Timelines are adhered to for programmes and all support services to ensure benefits reaching target groups at the earliest.
Periodical review and evaluation done and course corrections made as necessary.
Funds are limited and there are competing demands from practically all sectors. It should be the endeavour of each department to ensure that it gets the maximum value out of the available funds. Earlier, attempts to introduce performance budgets and outcome budgets fell short in this regard. In 2009, the Performance Management Division was created in the Cabinet Secretariat and it devised the Programme Management and Evaluation System (PMES) and Result Framework Documentation (RFD) to plug this lacuna.
An independent body-an Ad hoc Task Force (ATF)-was constituted, comprising former senior bureaucrats, technocrats, members from academia such as IIMs and former senior-level officers from private and public sector. Long years of experience and knowledge pooled from the ATF helped departments look beyond their comfort zones and soft targets, with an eye on the cushion that would help them escape likely opprobrium in the event of achievements falling short.
During the years the scheme has been under implementation, there was distinct improvement in functioning wherever the departments followed the system with enthusiasm. One must hasten to add that to claim that the PMES was an unqualified success would amount to oversell. Some departments did so with lukewarm effort and, unfortunately, even resorted to subterfuge. As a result, it became difficult to assess their performance at the yearend.
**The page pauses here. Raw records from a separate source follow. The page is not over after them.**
lemma staircase_cell:
  assumes "j < k" "k < n"
  shows "staircase C Z (fst s) a j k = (Ah' j k, Av' j k, Av' j (Suc k), Ah' (Suc j) k) \<and>
    Sq C (Ah' j k) (Av' j k) (Av' j (Suc k)) (Ah' (Suc j) k) \<and>
    hDom C (Ah' j k) = A' j k \<and> hCod C (Ah' j k) = A' j (Suc k) \<and> vCod C (Av' j k) = A' (Suc j) k"
  using assms
proof (induction "j + k" arbitrary: j k rule: less_induct)
  case less
  have top: "Ah' j k \<in> hArr C \<and> hDom C (Ah' j k) = A' j k \<and> hCod C (Ah' j k) = A' j (Suc k)"
  proof (cases j)
    case 0
    then show ?thesis
      using hobj_hor[OF top_row] less.prems unfolding staircase_Ah_def staircase_A_def by simp
  next
    case (Suc i)
    then have sq: "Sq C (Ah' i k) (Av' i k) (Av' i (Suc k)) (Ah' j k)" and "vCod C (Av' i k) = A' j k"
      using less by auto
    then have "Ah' j k \<in> hArr C" "hDom C (Ah' j k) = A' j k"
      using sq_boundary[OF sq] by simp_all
    then show ?thesis
      using staircase_A_Suc less.prems Suc by simp
  qed
  have left: "Av' j k \<in> vArr C \<and> vDom C (Av' j k) = A' j k \<and> vCod C (Av' j k) = A' (Suc j) k"
  proof (cases "k = Suc j")
    case True
    have "A' j k \<in> dObj C" using top h_dom_cod by metis
    moreover have "Av' j k = vterm C Z (A' j k)" "A' (Suc j) k = Z"
      using True less.prems unfolding staircase_Av_def staircase_A_def by simp_all
    ultimately show ?thesis using vterm by simp
  next
    case False
    then obtain k' where k': "k = Suc k'" "j < k'" using less.prems by (cases k) auto
    then have "Sq C (Ah' j k') (Av' j k') (Av' j k) (Ah' (Suc j) k')" "hCod C (Ah' j k') = A' j k"
      using less by auto
    moreover have "hCod C (Ah' (Suc j) k') = A' (Suc j) k"
      using k' less.prems staircase_A_Suc by simp
    ultimately show ?thesis
      using sq_boundary by metis
  qed
  obtain r b where rb: "fst s (Ah' j k, Av' j k) = (Ah' j k, Av' j k, r, b)" "Sq C (Ah' j k) (Av' j k) r b"
    using filler_square top left by metis
  have Av'_eq: "Av' j k = (if k = Suc j then vterm C Z (hDom C (Ah' j k))
      else sq_right (staircase C Z (fst s) a j (k - 1)))"
    using top less.prems unfolding staircase_Av_def by auto
  have "staircase C Z (fst s) a j k = fst s (Ah' j k, Av' j k)"
    using staircase_eq[OF less.prems, of C Z "fst s" a] unfolding Av'_eq[symmetric] .
  moreover have "r = Av' j (Suc k)" "b = Ah' (Suc j) k"
    using calculation rb less.prems unfolding staircase_Av_def staircase_Ah_def sq_right_def sq_bottom_def
    by auto
  ultimately show ?case using rb top left by simp
qed

lemma staircase_Ah_arr:
  assumes "j \<le> k" "k < n"
  shows "Ah' j k \<in> hArr C \<and> hDom C (Ah' j k) = A' j k \<and> hCod C (Ah' j k) = A' j (Suc k)"
proof (cases j)
  case 0
  then show ?thesis
    using assms hobj_hor[OF top_row] hobj_start[OF top_row] unfolding staircase_A_def staircase_Ah_def by auto
next
  case (Suc i)
  then have sq: "Sq C (Ah' i k) (Av' i k) (Av' i (Suc k)) (Ah' j k)" and "vCod C (Av' i k) = A' j k"
    using staircase_cell[of i k] assms by auto
  then have "Ah' j k \<in> hArr C" "hDom C (Ah' j k) = A' j k"
    using sq_boundary[OF sq] by simp_all
  then show ?thesis using staircase_A_Suc assms Suc by simp
qed

lemma staircase_Av_arr:
  assumes "j < k" "k \<le> n"
  shows "Av' j k \<in> vArr C \<and> vDom C (Av' j k) = A' j k \<and> vCod C (Av' j k) = A' (Suc j) k"
proof (cases "k = Suc j")
  case True
  have "A' j k \<in> dObj C" using staircase_Ah_arr[of j j] h_dom_cod assms True by (metis le_refl less_eq_Suc_le)
  moreover have "Av' j k = vterm C Z (A' j k)" "A' (Suc j) k = Z"
    using True assms unfolding staircase_Av_def staircase_A_def by simp_all
  ultimately show ?thesis using vterm by simp
next
  case False
  then obtain k' where k': "k = Suc k'" "j < k'" using assms by (cases k) auto
  then have sq: "Sq C (Ah' j k') (Av' j k') (Av' j k) (Ah' (Suc j) k')"
    using staircase_cell[of j k'] assms by auto
  have "hCod C (Ah' j k') = A' j k" "hCod C (Ah' (Suc j) k') = A' (Suc j) k"
    using staircase_Ah_arr[of j k'] staircase_A_Suc[of "Suc j" k'] k' assms by simp_all
  then show ?thesis using sq_boundary[OF sq] by simp
qed

lemma staircase_A_obj:
  assumes "j \<le> k" "k \<le> n"
  shows "A' j k \<in> dObj C"
proof (cases "j = k")
  case True
  then show ?thesis using assms Z_obj unfolding staircase_A_def by simp
next
  case False
  then show ?thesis using staircase_Av_arr[of j k] v_dom_cod assms by (metis le_neq_implies_less)
qed

lemma is_sobj_staircase: "is_sobj C Z n (A', Ah', Av')"
  unfolding is_sobj_def using staircase_A_obj staircase_Ah_arr staircase_Av_arr staircase_cell
  by (auto simp: staircase_A_def staircase_Ah_def staircase_Av_def)

lemma U_obj_staircase: "U_obj n (A', Ah', Av') = (A, a)"
  unfolding U_obj_def staircase_A_def staircase_Ah_def
  using hobj_start[OF top_row] hobj_undefined[OF top_row] by (auto simp: fun_eq_iff)

end

context isostable_squares
begin

lemma surjective_U: "\<forall>Y\<in>cObj (HCat C Z n). \<exists>X\<in>cObj (SCat C Z n). fst (U_functor n) X = Y"
proof
  fix Y assume "Y \<in> cObj (HCat C Z n)"
  then obtain A a where Y: "Y = (A, a)" "is_hobj C Z n (A, a)"
    unfolding HCat_def by (cases Y) auto
  interpret staircase_filling C Z s w n A a
    using Y(2) by unfold_locales
  let ?X = "(A', Ah', Av')"
  have "is_sobj C Z n ?X \<and> U_obj n ?X = (A, a)"
    using is_sobj_staircase U_obj_staircase by simp
  then show "\<exists>X\<in>cObj (SCat C Z n). fst (U_functor n) X = Y"
    unfolding SCat_def U_functor_def Y(1) by (intro bexI[of _ ?X]) auto
qed

lemma equivalence_U: "equivalence_of_categories (SCat C Z n) (HCat C Z n) (U_functor n)"
proof -
  interpret fully_faithful_surjective "SCat C Z n" "HCat C Z n" "U_functor n"
    using is_category_SCat is_category_HCat is_functor_U faithful_U full_U surjective_U
    by unfold_locales
  show ?thesis by (rule equivalence)
qed

end

lemma isostable_squaresE:
  assumes "isostable C Z"
  obtains s w where "isostable_squares C Z s w"
proof -
  obtain s w where stable: "is_functor (FunSpan C) (FunSq C) s"
    "\<forall>X\<in>cObj (FunSpan C). fst istar (fst s X) = X" "\<forall>\<phi>\<in>cArr (FunSpan C). snd istar (snd s \<phi>) = \<phi>"
    "is_nat_trans (FunSq C) (FunSq C) (fcomp s istar) fid w"
    "\<forall>X\<in>cObj (FunSq C). compA (w X) = vId C (cornerA C X) \<and> compB (w X) = vId C (cornerB C X) \<and>
       compC (w X) = vId C (cornerC C X)"
    using assms unfolding isostable_def stable_def by (elim conjE exE) blast
  have "isostable_squares C Z s w"
    using assms stable by (rule isostable_squares.intro)
  then show ?thesis by (rule that)
qed

theorem lemma3p25:
  fixes C :: "('o, 'h, 'v) dblcat" and Z :: 'o and n :: nat
  assumes "isostable C Z"
  shows "equivalence_of_categories (SCat C Z n) (HCat C Z n) (U_functor n)"
proof -
  obtain s w where "isostable_squares C Z s w"
    using assms by (rule isostable_squaresE)
  then show ?thesis
    by (rule isostable_squares.equivalence_U)
qed

end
A fact stood out: greater ownership at political level and bureaucratic level would have made the programme more successful. With the present government’s determination to get things done in a time-bound manner-added to that the need to get ‘bang for the buck’, an independent mechanism, whose main objective would be nothing but to maximise the returns for the government’s investments-could only be an added facilitator to further the cause of governance.
WHAT applies to projects is also applicable to other systems that have been in place-after due evaluation, of course. Here again, abandoning them lock, stock and barrel may well be like throwing the baby out with the bath water. Whatever the form, a system of arm’s-length target fixing, monitoring and evaluation would go a long way in maximising the value of money spent and fast-tracking the flow of benefits arising from programmes and schemes. No matter how efficient the machinery, a well-meaning friend, philosopher and guide will add value and present a true picture to an otherwise insular set-up. This is not to question the integrity of the bureaucracy, but truth is not a one-dimensional entity. The fear of adverse comments and lack of approbation would tempt the best among us to do some creative accounting. It may be worthwhile to quote Stephen Covey from his 7 Habits of Highly Effective People, where he says something to the effect that when trying to negotiate a treacherous path in a dense forest, it would be useful if someone would get atop a tall tree and ensure that the team is on the right path. If the leader remains sanguine in his belief that, when good progress is being made, why waste time looking at the path, the team would have reached somewhere, though not necessarily the destination, and may in fact be miles away and in the opposite direction too!